Retype the whole listing that follows, line for line.

MATERIAL SHOWN below:

lemma hausdorff_measure_lipschitz_image_eq_0:
  assumes lip: "K-lipschitz_on A \<phi>" and "0 \<le> s" and null: "hausdorff_measure s A = 0"
  shows "hausdorff_measure s (\<phi> ` A) = 0"
proof (rule hausdorff_measure_eq_0I)
  fix \<delta> e :: real
  assume "0 < \<delta>" "0 < e"
  define M where "M = K + 1"
  have "0 < M"
    using lipschitz_on_nonneg[OF lip] by (simp add: M_def)
  have lipM: "M-lipschitz_on A \<phi>"
    using lip by (rule lipschitz_on_mono) (auto simp: M_def)
  have "hausdorff_pre s (\<delta> / M) A < ennreal (e / M powr s)"
    using hausdorff_pre_le_measure[of "\<delta> / M" s A] null \<open>0 < \<delta>\<close> \<open>0 < M\<close> \<open>0 < e\<close> by simp
  then obtain U where cover: "A \<subseteq> (\<Union>i. U i)" and U: "\<And>i. bounded (U i)" "\<And>i. diameter (U i) \<le> \<delta> / M"
    and small: "(\<Sum>i. ennreal (diameter (U i) powr s)) < ennreal (e / M powr s)"
    unfolding hausdorff_pre_def INF_less_iff by blast
  define V where "V i = \<phi> ` (U i \<inter> A)" for i
  have V: "bounded (V i)" "diameter (V i) \<le> M * diameter (U i)" for i
    unfolding V_def using lipschitz_on_image_bounded_diameter_le[OF lipM U(1)] by auto
  have "diameter (V i) \<le> \<delta>" for i
  proof -
    have "M * diameter (U i) \<le> \<delta>"
      using U(2)[of i] \<open>0 < M\<close> by (simp add: pos_le_divide_eq mult.commute)
    then show ?thesis
      using V(2)[of i] by linarith
  qed
  moreover have "\<phi> ` A \<subseteq> (\<Union>i. V i)"
    using cover unfolding V_def by blast
  ultimately have "hausdorff_pre s \<delta> (\<phi> ` A) \<le> (\<Sum>i. ennreal (diameter (V i) powr s))"
    using V(1) by (intro hausdorff_pre_le_cover)
  also have "\<dots> \<le> (\<Sum>i. ennreal (M powr s) * ennreal (diameter (U i) powr s))"
  proof (intro suminf_le allI)
    fix i
    have "diameter (V i) powr s \<le> (M * diameter (U i)) powr s"
      using V \<open>0 \<le> s\<close> diameter_ge_0 by (intro powr_mono2) auto
    also have "\<dots> = M powr s * diameter (U i) powr s"
      using \<open>0 < M\<close> diameter_ge_0[OF U(1)] by (simp add: powr_mult)
    finally show "ennreal (diameter (V i) powr s) \<le> ennreal (M powr s) * ennreal (diameter (U i) powr s)"
      by (simp add: ennreal_mult[symmetric] ennreal_leI)
  qed auto
  also have "\<dots> = ennreal (M powr s) * (\<Sum>i. ennreal (diameter (U i) powr s))"
    by simp
  also have "\<dots> \<le> ennreal (M powr s) * ennreal (e / M powr s)"
    using small by (intro mult_left_mono) auto
  also have "\<dots> = ennreal e"
    using \<open>0 < M\<close> \<open>0 < e\<close> by (simp flip: ennreal_mult)
  finally show "hausdorff_pre s \<delta> (\<phi> ` A) \<le> ennreal e" .
qed

definition hausdorff_null_exponents :: "'a::metric_space set \<Rightarrow> real set" where
  "hausdorff_null_exponents A = {s. 0 < s \<and> hausdorff_measure s A = 0}"

lemma hausdorff_dim_eq_Inf_null_exponents:
  "hausdorff_dim A = Inf (hausdorff_null_exponents A)"
  by (simp add: hausdorff_dim_def hausdorff_null_exponents_def)

text \<open>Nonemptiness matters: the infimum of the empty set of reals is an unspecified value.\<close>
lemma hausdorff_dim_lipschitz_image_le:
  assumes "K-lipschitz_on A \<phi>" and "hausdorff_null_exponents A \<noteq> {}"
  shows "hausdorff_dim (\<phi> ` A) \<le> hausdorff_dim A"
proof -
  have "hausdorff_null_exponents A \<subseteq> hausdorff_null_exponents (\<phi> ` A)"
    using hausdorff_measure_lipschitz_image_eq_0[OF assms(1)]
    by (auto simp: hausdorff_null_exponents_def)
  moreover have "bdd_below (hausdorff_null_exponents (\<phi> ` A))"
    by (rule bdd_belowI[of _ 0]) (simp add: hausdorff_null_exponents_def)
  ultimately show ?thesis
    unfolding hausdorff_dim_eq_Inf_null_exponents using assms(2) by (intro cInf_superset_mono)
qed

lemma floor_grid_approx:
  fixes u w :: real
  assumes "0 < w" "0 \<le> u" "u \<le> real n * w"
  shows "nat \<lfloor>u / w\<rfloor> \<le> n" and "\<bar>u - real (nat \<lfloor>u / w\<rfloor>) * w\<bar> \<le> w"
proof -
  have k: "real (nat \<lfloor>u / w\<rfloor>) = of_int \<lfloor>u / w\<rfloor>"
    using assms by simp
  have "u / w \<le> real n"
    using assms by (simp add: pos_divide_le_eq)
  then show "nat \<lfloor>u / w\<rfloor> \<le> n"
    using k by linarith
  have "real (nat \<lfloor>u / w\<rfloor>) \<le> u / w" "u / w < real (nat \<lfloor>u / w\<rfloor>) + 1"
    using k by linarith+
  then show "\<bar>u - real (nat \<lfloor>u / w\<rfloor>) * w\<bar> \<le> w"
    using \<open>0 < w\<close> by (simp add: field_simps)
qed

lemma cball_grid_cover:
  fixes A :: "'a::euclidean_space set" and R w :: real and n :: nat
  assumes "A \<subseteq> cball 0 R" "0 < R" "0 < n"
  defines "w \<equiv> 2 * R / real n"
  shows "A \<subseteq> (\<Union>j \<in> Basis \<rightarrow>\<^sub>E {..n}. cball (\<Sum>b\<in>Basis. (real (j b) * w - R) *\<^sub>R b) (DIM('a) * w))"
proof
  fix x assume "x \<in> A"
  have "0 < w"
    using assms by (simp add: w_def)
  have "norm x \<le> R"
    using \<open>x \<in> A\<close> assms(1) by auto
  moreover have "real n * w = 2 * R"
    using \<open>0 < n\<close> by (simp add: w_def)
  ultimately have coord: "0 \<le> x \<bullet> b + R" "x \<bullet> b + R \<le> real n * w" if "b \<in> Basis" for b
    using Basis_le_norm[OF that, of x] by (simp_all add: abs_le_iff)
  define j where "j = restrict (\<lambda>b. nat \<lfloor>(x \<bullet> b + R) / w\<rfloor>) Basis"
  define c where "c = (\<Sum>b\<in>Basis. (real (j b) * w - R) *\<^sub>R b)"
  have "j \<in> Basis \<rightarrow>\<^sub>E {..n}"
    using floor_grid_approx(1)[OF \<open>0 < w\<close> coord] by (simp add: j_def)
  moreover have "dist c x \<le> DIM('a) * w"
  proof -
    have "\<bar>(x - c) \<bullet> b\<bar> \<le> w" if "b \<in> Basis" for b
    proof -
      have "c \<bullet> b = real (j b) * w - R"
        using that by (simp add: c_def)
      moreover have "j b = nat \<lfloor>(x \<bullet> b + R) / w\<rfloor>"
        using that by (simp add: j_def)
      ultimately show ?thesis
        using floor_grid_approx(2)[OF \<open>0 < w\<close> coord[OF that]] by (simp add: inner_diff_left)
    qed
    then have "(\<Sum>b\<in>Basis. \<bar>(x - c) \<bullet> b\<bar>) \<le> DIM('a) * w"
      using sum_bounded_above[of Basis "\<lambda>b. \<bar>(x - c) \<bullet> b\<bar>" w] by simp
    then show ?thesis
      using norm_le_l1[of "x - c"] by (simp add: dist_norm norm_minus_commute)
  qed
  ultimately show "x \<in> (\<Union>j \<in> Basis \<rightarrow>\<^sub>E {..n}. cball (\<Sum>b\<in>Basis. (real (j b) * w - R) *\<^sub>R b) (DIM('a) * w))"
    by (intro UN_I[of j]) (simp_all flip: c_def)
qed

End of MATERIAL SHOWN.

→ **SOLUTION BELOW**:
lemma hausdorff_measure_lipschitz_image_eq_0:
  assumes lip: "K-lipschitz_on A \<phi>" and "0 \<le> s" and null: "hausdorff_measure s A = 0"
  shows "hausdorff_measure s (\<phi> ` A) = 0"
proof (rule hausdorff_measure_eq_0I)
  fix \<delta> e :: real
  assume "0 < \<delta>" "0 < e"
  define M where "M = K + 1"
  have "0 < M"
    using lipschitz_on_nonneg[OF lip] by (simp add: M_def)
  have lipM: "M-lipschitz_on A \<phi>"
    using lip by (rule lipschitz_on_mono) (auto simp: M_def)
  have "hausdorff_pre s (\<delta> / M) A < ennreal (e / M powr s)"
    using hausdorff_pre_le_measure[of "\<delta> / M" s A] null \<open>0 < \<delta>\<close> \<open>0 < M\<close> \<open>0 < e\<close> by simp
  then obtain U where cover: "A \<subseteq> (\<Union>i. U i)" and U: "\<And>i. bounded (U i)" "\<And>i. diameter (U i) \<le> \<delta> / M"
    and small: "(\<Sum>i. ennreal (diameter (U i) powr s)) < ennreal (e / M powr s)"
    unfolding hausdorff_pre_def INF_less_iff by blast
  define V where "V i = \<phi> ` (U i \<inter> A)" for i
  have V: "bounded (V i)" "diameter (V i) \<le> M * diameter (U i)" for i
    unfolding V_def using lipschitz_on_image_bounded_diameter_le[OF lipM U(1)] by auto
  have "diameter (V i) \<le> \<delta>" for i
  proof -
    have "M * diameter (U i) \<le> \<delta>"
      using U(2)[of i] \<open>0 < M\<close> by (simp add: pos_le_divide_eq mult.commute)
    then show ?thesis
      using V(2)[of i] by linarith
  qed
  moreover have "\<phi> ` A \<subseteq> (\<Union>i. V i)"
    using cover unfolding V_def by blast
  ultimately have "hausdorff_pre s \<delta> (\<phi> ` A) \<le> (\<Sum>i. ennreal (diameter (V i) powr s))"
    using V(1) by (intro hausdorff_pre_le_cover)
  also have "\<dots> \<le> (\<Sum>i. ennreal (M powr s) * ennreal (diameter (U i) powr s))"
  proof (intro suminf_le allI)
    fix i
    have "diameter (V i) powr s \<le> (M * diameter (U i)) powr s"
      using V \<open>0 \<le> s\<close> diameter_ge_0 by (intro powr_mono2) auto
    also have "\<dots> = M powr s * diameter (U i) powr s"
      using \<open>0 < M\<close> diameter_ge_0[OF U(1)] by (simp add: powr_mult)
    finally show "ennreal (diameter (V i) powr s) \<le> ennreal (M powr s) * ennreal (diameter (U i) powr s)"
      by (simp add: ennreal_mult[symmetric] ennreal_leI)
  qed auto
  also have "\<dots> = ennreal (M powr s) * (\<Sum>i. ennreal (diameter (U i) powr s))"
    by simp
  also have "\<dots> \<le> ennreal (M powr s) * ennreal (e / M powr s)"
    using small by (intro mult_left_mono) auto
  also have "\<dots> = ennreal e"
    using \<open>0 < M\<close> \<open>0 < e\<close> by (simp flip: ennreal_mult)
  finally show "hausdorff_pre s \<delta> (\<phi> ` A) \<le> ennreal e" .
qed

definition hausdorff_null_exponents :: "'a::metric_space set \<Rightarrow> real set" where
  "hausdorff_null_exponents A = {s. 0 < s \<and> hausdorff_measure s A = 0}"

lemma hausdorff_dim_eq_Inf_null_exponents:
  "hausdorff_dim A = Inf (hausdorff_null_exponents A)"
  by (simp add: hausdorff_dim_def hausdorff_null_exponents_def)

text \<open>Nonemptiness matters: the infimum of the empty set of reals is an unspecified value.\<close>
lemma hausdorff_dim_lipschitz_image_le:
  assumes "K-lipschitz_on A \<phi>" and "hausdorff_null_exponents A \<noteq> {}"
  shows "hausdorff_dim (\<phi> ` A) \<le> hausdorff_dim A"
proof -
  have "hausdorff_null_exponents A \<subseteq> hausdorff_null_exponents (\<phi> ` A)"
    using hausdorff_measure_lipschitz_image_eq_0[OF assms(1)]
    by (auto simp: hausdorff_null_exponents_def)
  moreover have "bdd_below (hausdorff_null_exponents (\<phi> ` A))"
    by (rule bdd_belowI[of _ 0]) (simp add: hausdorff_null_exponents_def)
  ultimately show ?thesis
    unfolding hausdorff_dim_eq_Inf_null_exponents using assms(2) by (intro cInf_superset_mono)
qed

lemma floor_grid_approx:
  fixes u w :: real
  assumes "0 < w" "0 \<le> u" "u \<le> real n * w"
  shows "nat \<lfloor>u / w\<rfloor> \<le> n" and "\<bar>u - real (nat \<lfloor>u / w\<rfloor>) * w\<bar> \<le> w"
proof -
  have k: "real (nat \<lfloor>u / w\<rfloor>) = of_int \<lfloor>u / w\<rfloor>"
    using assms by simp
  have "u / w \<le> real n"
    using assms by (simp add: pos_divide_le_eq)
  then show "nat \<lfloor>u / w\<rfloor> \<le> n"
    using k by linarith
  have "real (nat \<lfloor>u / w\<rfloor>) \<le> u / w" "u / w < real (nat \<lfloor>u / w\<rfloor>) + 1"
    using k by linarith+
  then show "\<bar>u - real (nat \<lfloor>u / w\<rfloor>) * w\<bar> \<le> w"
    using \<open>0 < w\<close> by (simp add: field_simps)
qed

lemma cball_grid_cover:
  fixes A :: "'a::euclidean_space set" and R w :: real and n :: nat
  assumes "A \<subseteq> cball 0 R" "0 < R" "0 < n"
  defines "w \<equiv> 2 * R / real n"
  shows "A \<subseteq> (\<Union>j \<in> Basis \<rightarrow>\<^sub>E {..n}. cball (\<Sum>b\<in>Basis. (real (j b) * w - R) *\<^sub>R b) (DIM('a) * w))"
proof
  fix x assume "x \<in> A"
  have "0 < w"
    using assms by (simp add: w_def)
  have "norm x \<le> R"
    using \<open>x \<in> A\<close> assms(1) by auto
  moreover have "real n * w = 2 * R"
    using \<open>0 < n\<close> by (simp add: w_def)
  ultimately have coord: "0 \<le> x \<bullet> b + R" "x \<bullet> b + R \<le> real n * w" if "b \<in> Basis" for b
    using Basis_le_norm[OF that, of x] by (simp_all add: abs_le_iff)
  define j where "j = restrict (\<lambda>b. nat \<lfloor>(x \<bullet> b + R) / w\<rfloor>) Basis"
  define c where "c = (\<Sum>b\<in>Basis. (real (j b) * w - R) *\<^sub>R b)"
  have "j \<in> Basis \<rightarrow>\<^sub>E {..n}"
    using floor_grid_approx(1)[OF \<open>0 < w\<close> coord] by (simp add: j_def)
  moreover have "dist c x \<le> DIM('a) * w"
  proof -
    have "\<bar>(x - c) \<bullet> b\<bar> \<le> w" if "b \<in> Basis" for b
    proof -
      have "c \<bullet> b = real (j b) * w - R"
        using that by (simp add: c_def)
      moreover have "j b = nat \<lfloor>(x \<bullet> b + R) / w\<rfloor>"
        using that by (simp add: j_def)
      ultimately show ?thesis
        using floor_grid_approx(2)[OF \<open>0 < w\<close> coord[OF that]] by (simp add: inner_diff_left)
    qed
    then have "(\<Sum>b\<in>Basis. \<bar>(x - c) \<bullet> b\<bar>) \<le> DIM('a) * w"
      using sum_bounded_above[of Basis "\<lambda>b. \<bar>(x - c) \<bullet> b\<bar>" w] by simp
    then show ?thesis
      using norm_le_l1[of "x - c"] by (simp add: dist_norm norm_minus_commute)
  qed
  ultimately show "x \<in> (\<Union>j \<in> Basis \<rightarrow>\<^sub>E {..n}. cball (\<Sum>b\<in>Basis. (real (j b) * w - R) *\<^sub>R b) (DIM('a) * w))"
    by (intro UN_I[of j]) (simp_all flip: c_def)
qed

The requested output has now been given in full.